Nokogiri: Sort Array of IDs according to order in HTML document
-
06-07-2019 - |
Question
I have an unsorted Array holding the following IDs:
@un_array = ['bar', 'para-3', 'para-2', 'para-7']
Is there a smart way of using Nokogiri (or plain Javascript) to sort the array according to the order of the IDs in the example HTML document below?
require 'rubygems'
require 'nokogiri'
value = Nokogiri::HTML.parse(<<-HTML_END)
"<html>
<head>
</head>
<body>
<p id='para-1'>A</p>
<div id='foo'>
<p id='para-2'>B</p>
<p id='para-3'>C</p>
<div id='bar'>
<p id='para-4'>D</p>
<p id='para-5'>E</p>
<p id='para-6'>F</p>
</div>
<p id='para-7'>G</p>
</div>
<p id='para-8'>H</p>
</body>
</html>"
HTML_END
In this case the resulting, sorted array should be:
['para-2', 'para-3', 'bar', 'para-7']
Solution 3
This is the solution a coworker and I came up with:
parent = value.css('body').first
indexes = []
parent.children.each do |child|
indexes << child['id']
end
puts @un_array.sort! { |x,y| indexes.index(x) <=> indexes.index(y) }
First I fetch all IDs of the HTML document into an Array, than I sort @un_array
according to the IDs-Array I created before.
OTHER TIPS
I don't know what Nokogiri is, but if you have the HTML code as a String, than it would be possible to get the order with regexp matching, for example:
var str = '<html>...</html>'; // the HTML code to check
var ids = ['bar', 'para-3', 'para-2', 'para-7']; // the array with all IDs to check
var reg = new RegExp('(?:id=[\'"])('+ids.join('|')+')(?:[\'"])','g') // the regexp
var result = [], tmp; // array holding the result and a temporary variable
while((tmp = reg.exec(str))!==null)result.push(tmp[1]); // matching the IDs
console.log(result); // ['para-2', 'para-3', 'bar', 'para-7']

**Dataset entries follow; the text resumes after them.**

lemma left_I_order_straighten:
  assumes "left_I_order S" and "a \<in> S" and "b \<in> S"
  shows "\<exists>c\<in>S. \<exists>d\<in>S. sinv (a::'a) * b = sinv c * d \<and> green_R c d"
proof -
  define e where "e = a * sinv a"
  define f where "f = b * sinv b"
  have "e * e = e" and "f * f = f"
    by (simp_all add: e_def f_def mult_sinv_idem)
  then have "e * f * (e * f) = e * f"
    by (rule idempotent_mult)
  then obtain x where "x \<in> S" and x: "sinv x * x = e * f"
    using left_I_order_idempotent_eq_sinv_mult_self[OF assms(1)] by blast
  have "x * a \<in> S" and "x * b \<in> S"
    using assms \<open>x \<in> S\<close> unfolding left_I_order_def subsemigroup_def by blast+
  moreover have "sinv a * b = sinv (x * a) * (x * b)"
  proof -
    have "sinv (x * a) * (x * b) = sinv a * (sinv x * x) * b"
      by (simp add: sinv_mult mult.assoc)
    also have "\<dots> = (sinv a * a * sinv a) * (b * sinv b * b)"
      using x by (simp add: e_def f_def mult.assoc)
    finally show ?thesis
      by (simp add: sinv_mult_sinv mult_sinv_mult)
  qed
  moreover have "green_R (x * a) (x * b)"
  proof (rule green_R_if_mult_sinv_eq)
    have "e * f = f * e"
      using idempotents_commute[OF \<open>e * e = e\<close> \<open>f * f = f\<close>] .
    have "sinv x * x * e = e * (f * e)"
      by (simp only: x mult.assoc)
    also have "\<dots> = e * (e * f)"
      by (simp only: \<open>e * f = f * e\<close>)
    also have "\<dots> = sinv x * x"
      by (simp only: x \<open>e * e = e\<close> flip: mult.assoc)
    finally have "sinv x * x * e = sinv x * x" .
    have "sinv x * x * f = e * (f * f)"
      by (simp only: x mult.assoc)
    also have "\<dots> = sinv x * x"
      by (simp only: x \<open>f * f = f\<close>)
    finally have "sinv x * x * f = sinv x * x" .
    then have "x * e * sinv x = x * sinv x" and "x * f * sinv x = x * sinv x"
      using \<open>sinv x * x * e = sinv x * x\<close> conj_eq_mult_sinv_if_below by blast+
    then show "x * a * sinv (x * a) = x * b * sinv (x * b)"
      by (simp add: sinv_mult e_def f_def mult.assoc)
  qed
  ultimately show ?thesis by blast
qed

end

end

theorem corollary2p5:
  fixes S :: "'a::semigroup_mult set"
  assumes "finite (UNIV :: 'a set)"
    and "inverse_semigroup TYPE('a)"
    and "left_I_order S"
  shows "straight_left_I_order S"
proof -
  have "\<exists>c\<in>S. \<exists>d\<in>S. q = sinv c * d \<and> green_R c d" for q
  proof -
    obtain a b where "a \<in> S" "b \<in> S" "q = sinv a * b"
      using assms(3) unfolding left_I_order_def by blast
    then show ?thesis
      using left_I_order_straighten[OF assms(2,1,3)] by blast
  qed
  then show ?thesis
    using assms(3) unfolding straight_left_I_order_def by blast
qed

end
text \<open>Standing setup: the finite ring 'a is a commutative chain ring (ideals totally
 ordered by inclusion) with maximal ideal generated by gam, nilpotency index s,
 residue field of size q, and the list e = [e_0,...,e_(q-1)] of coset
 representatives of the maximal ideal with e_0 = 0, e_1 = 1, ordered by list position.\<close>
definition chain_ring_data :: "'a::{comm_ring_1,finite} \<Rightarrow> nat \<Rightarrow> nat \<Rightarrow> 'a list \<Rightarrow> bool" where
  "chain_ring_data gam s q e \<longleftrightarrow>
     (0::'a) \<noteq> 1 \<and>
     (\<forall>I J :: 'a set. is_ideal I \<longrightarrow> is_ideal J \<longrightarrow> I \<subseteq> J \<or> J \<subseteq> I) \<and>
     pideal gam \<noteq> UNIV \<and>
     (\<forall>J. is_ideal J \<and> pideal gam \<subseteq> J \<longrightarrow> J = pideal gam \<or> J = UNIV) \<and>
     gam ^ s = 0 \<and> (\<forall>t<s. gam ^ t \<noteq> 0) \<and>
     q = card ((\<lambda>x. {x + y | y. y \<in> pideal gam}) ` (UNIV :: 'a set)) \<and>
     length e = q \<and> e ! 0 = 0 \<and> e ! 1 = 1 \<and>
     (\<forall>x. \<exists>!i. i < q \<and> x - e ! i \<in> pideal gam)"

text \<open>The digits (indices into e) of the gamma-adic expansion r = sum r_i gam^i, r_i in T.\<close>
definition digits :: "'a::comm_ring_1 \<Rightarrow> nat \<Rightarrow> nat \<Rightarrow> 'a list \<Rightarrow> 'a \<Rightarrow> nat list" where
  "digits gam s q e r = (THE ds. length ds = s \<and> (\<forall>i<s. ds ! i < q) \<and>
       r = (\<Sum>i<s. e ! (ds ! i) * gam ^ i))"

definition cr_less :: "'a::comm_ring_1 \<Rightarrow> nat \<Rightarrow> nat \<Rightarrow> 'a list \<Rightarrow> 'a \<Rightarrow> 'a \<Rightarrow> bool" where
  "cr_less gam s q e x y \<longleftrightarrow>
     (\<exists>i<s. digits gam s q e x ! i < digits gam s q e y ! i \<and>
        (\<forall>l. i < l \<and> l < s \<longrightarrow> digits gam s q e x ! l = digits gam s q e y ! l))"

text \<open>rho j: the j-th element (0-indexed) of R listed increasingly.\<close>
definition rho :: "'a::comm_ring_1 \<Rightarrow> nat \<Rightarrow> nat \<Rightarrow> 'a list \<Rightarrow> nat \<Rightarrow> 'a" where
  "rho gam s q e j = (THE r. card {x. cr_less gam s q e x r} = j)"

text \<open>agam j = a_j gamma: the j-th element (0-indexed) of the ideal (gamma) listed increasingly.\<close>
definition agam :: "'a::comm_ring_1 \<Rightarrow> nat \<Rightarrow> nat \<Rightarrow> 'a list \<Rightarrow> nat \<Rightarrow> 'a" where
  "agam gam s q e j = (THE r. r \<in> pideal gam \<and>
       card {x \<in> pideal gam. cr_less gam s q e x r} = j)"

text \<open>Column c (0-indexed) of G_k^alpha, as a list of length k (top entry first).
  G_k^alpha has q^(s k) columns; block j of G_(k+1)^alpha has q^(s k) columns.\<close>
fun col_alpha :: "'a::comm_ring_1 \<Rightarrow> nat \<Rightarrow> nat \<Rightarrow> 'a list \<Rightarrow> nat \<Rightarrow> nat \<Rightarrow> 'a list" where
  "col_alpha gam s q e 0 c = []"
| "col_alpha gam s q e (Suc k) c =
     rho gam s q e (c div q ^ (s * k)) # col_alpha gam s q e k (c mod q ^ (s * k))"

text \<open>Number of columns of G_k^beta (k \<ge> 1).\<close>
fun n_beta :: "nat \<Rightarrow> nat \<Rightarrow> nat \<Rightarrow> nat" where
  "n_beta q s 0 = 0"
| "n_beta q s (Suc 0) = 1"
| "n_beta q s (Suc (Suc k)) = q ^ (s * Suc k) + q ^ (s - 1) * n_beta q s (Suc k)"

using this code you have to be careful with IDs containing regexp meta-characters. They should be escaped first.
Here's one way to do it in Nokogiri - there may be others which are more efficient, as this ends up walking the entire DOM.
require 'set'
#Using a set here to make lookup O(1), because we don't care about the initial order
id_set = ['bar', 'para-3', 'para-2', 'para-7'].to_set
sorted = []
value.root.traverse do |node|
node_id = node['id']
sorted << node_id if node_id && id_set.delete?(node_id)
end
# sorted is now ['para-2', 'para-3', 'bar', 'para-7']
EDIT: Here's a one-liner that gets the same results, but I haven't done benchmarking to see which is faster.
ids = ['bar', 'para-3', 'para-2', 'para-7']
value.xpath("//*[@id]").collect {|node| node['id']} & ids